Other people say that it is simply inhumane to kill another person. How can it be inhumane, though, if humans are forever killing one another?

The most powerful argument against the death penalty, though, is that you could kill the wrong person. In the end, though, there’s no smoke without fire, is there. If you’re arrested and executed, then you’ve probably done something bad. Unless you’re Jean Charles de Menezes, of course. But let’s chalk that one up to experience. To err is human, after all.

The Chinese have a refreshingly practical nature to issues like this.
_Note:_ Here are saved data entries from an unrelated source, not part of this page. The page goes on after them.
text \<open>The centring factor \<open>e\<^sup>-\<^sup>i\<^sup>q\<^sup>t\<close> kills the first order term, so the error is of third order.\<close>

lemma bernoulli_char_centered_taylor:
  fixes q t :: real assumes q: "0 \<le> q" "q \<le> 1"
  shows "cmod (iexp (- q * t) * (1 - complex_of_real q + complex_of_real q * iexp t)
              - complex_of_real (1 - q * (1 - q) * t\<^sup>2/2)) \<le> q * (1 - q) * \<bar>t\<bar>^3 / 6"
proof -
  define v where "v = q * (1 - q)"
  define T where "T = (\<lambda>x::real. complex_of_real (1 - x\<^sup>2/2) + \<i> * complex_of_real x)"
  define R where "R = (\<lambda>x::real. iexp x - T x)"
  have R: "cmod (R x) \<le> \<bar>x\<bar>^3/6" for x unfolding R_def T_def by (rule iexp_taylor2_bound)
  have "iexp (- q * t) * (1 - complex_of_real q + complex_of_real q * iexp t)
      = complex_of_real (1 - q) * iexp (- q * t) + complex_of_real q * iexp ((1 - q) * t)"
    by (simp add: algebra_simps exp_add[symmetric])
  also have "\<dots> = complex_of_real (1 - q) * T (- q * t) + complex_of_real q * T ((1 - q) * t)
                  + (complex_of_real (1 - q) * R (- q * t) + complex_of_real q * R ((1 - q) * t))"
    unfolding R_def by (simp add: algebra_simps)
  also have "complex_of_real (1 - q) * T (- q * t) + complex_of_real q * T ((1 - q) * t)
     = complex_of_real (1 - v * t\<^sup>2/2)"
    unfolding T_def v_def by (simp add: power2_eq_square algebra_simps) (simp add: field_simps)
  finally have expand: "iexp (- q * t) * (1 - complex_of_real q + complex_of_real q * iexp t) - complex_of_real (1 - v * t\<^sup>2/2)
     = complex_of_real (1 - q) * R (- q * t) + complex_of_real q * R ((1 - q) * t)" by simp
  have "0 \<le> 1 - q" using q by simp
  then have "cmod (complex_of_real (1 - q) * R (- q * t) + complex_of_real q * R ((1 - q) * t))
        \<le> (1 - q) * cmod (R (- q * t)) + q * cmod (R ((1 - q) * t))"
    using q norm_triangle_ineq[of "complex_of_real (1 - q) * R (- q * t)" "complex_of_real q * R ((1 - q) * t)"]
    by (simp only: norm_mult norm_of_real abs_of_nonneg)
  also have "\<dots> \<le> (1 - q) * (\<bar>- q * t\<bar>^3/6) + q * (\<bar>(1 - q) * t\<bar>^3/6)"
    using q by (intro add_mono mult_left_mono R) auto
  also have "\<bar>- q * t\<bar> = q * \<bar>t\<bar>" using q by (simp add: abs_mult)
  also have "\<bar>(1 - q) * t\<bar> = (1 - q) * \<bar>t\<bar>" using q by (simp add: abs_mult)
  also have "(1 - q) * ((q * \<bar>t\<bar>)^3/6) + q * (((1 - q) * \<bar>t\<bar>)^3/6) = v * \<bar>t\<bar>^3 * (1 - 2 * v) / 6"
    unfolding v_def by (simp add: power_mult_distrib power2_eq_square power3_eq_cube field_simps)
  also have "\<dots> \<le> v * \<bar>t\<bar>^3 / 6"
    using bernoulli_var_bounds[OF q] unfolding v_def[symmetric] by (intro divide_right_mono) (auto intro: mult_left_le)
  finally have "cmod (iexp (- q * t) * (1 - complex_of_real q + complex_of_real q * iexp t)
      - complex_of_real (1 - v * t\<^sup>2/2)) \<le> v * \<bar>t\<bar>^3 / 6"
    unfolding expand .
  then show ?thesis unfolding v_def .
qed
Not only do they execute people with an enthusiasm that suggests they really enjoy it, they then harvest their organs. That strikes me as a really useful way to repay your debt to society. He knew a thing or two did that Chairman Mao. Mind you, I wear glasses sometimes, so I'm glad he's not my chairman. Nonetheless, change must come from the barrel of a gun!

Or maybe not. Perhaps I’m just in a bit of a bad mood today. I guess your head has to rule your heart when you’re making big policy decisions about issues like capital punishment. On balance, I think perhaps we’re right after all. The Death Penalty is probably wrong.

We could just break their legs, though.

Newsdesk out.

1 comment:

  1. I'm a bit torn on this one. I like the idea of an eye for an eye but, unfortuantely, it isn't any more of a deterrent than not having it. Though I suppose it's less about that than about removing the virus from the organism. And perhaps that's how it needs to be thought. Capital Punishment is like Chemotherapy. Sometimes the good cells get done in but it's all for the good of the body. Perhaps the few innocent is enough compensation if the organism survives and thrives, once it's let loose from the virus. Of course, I might change my mind if I was a parent/relation/friend of the innocent.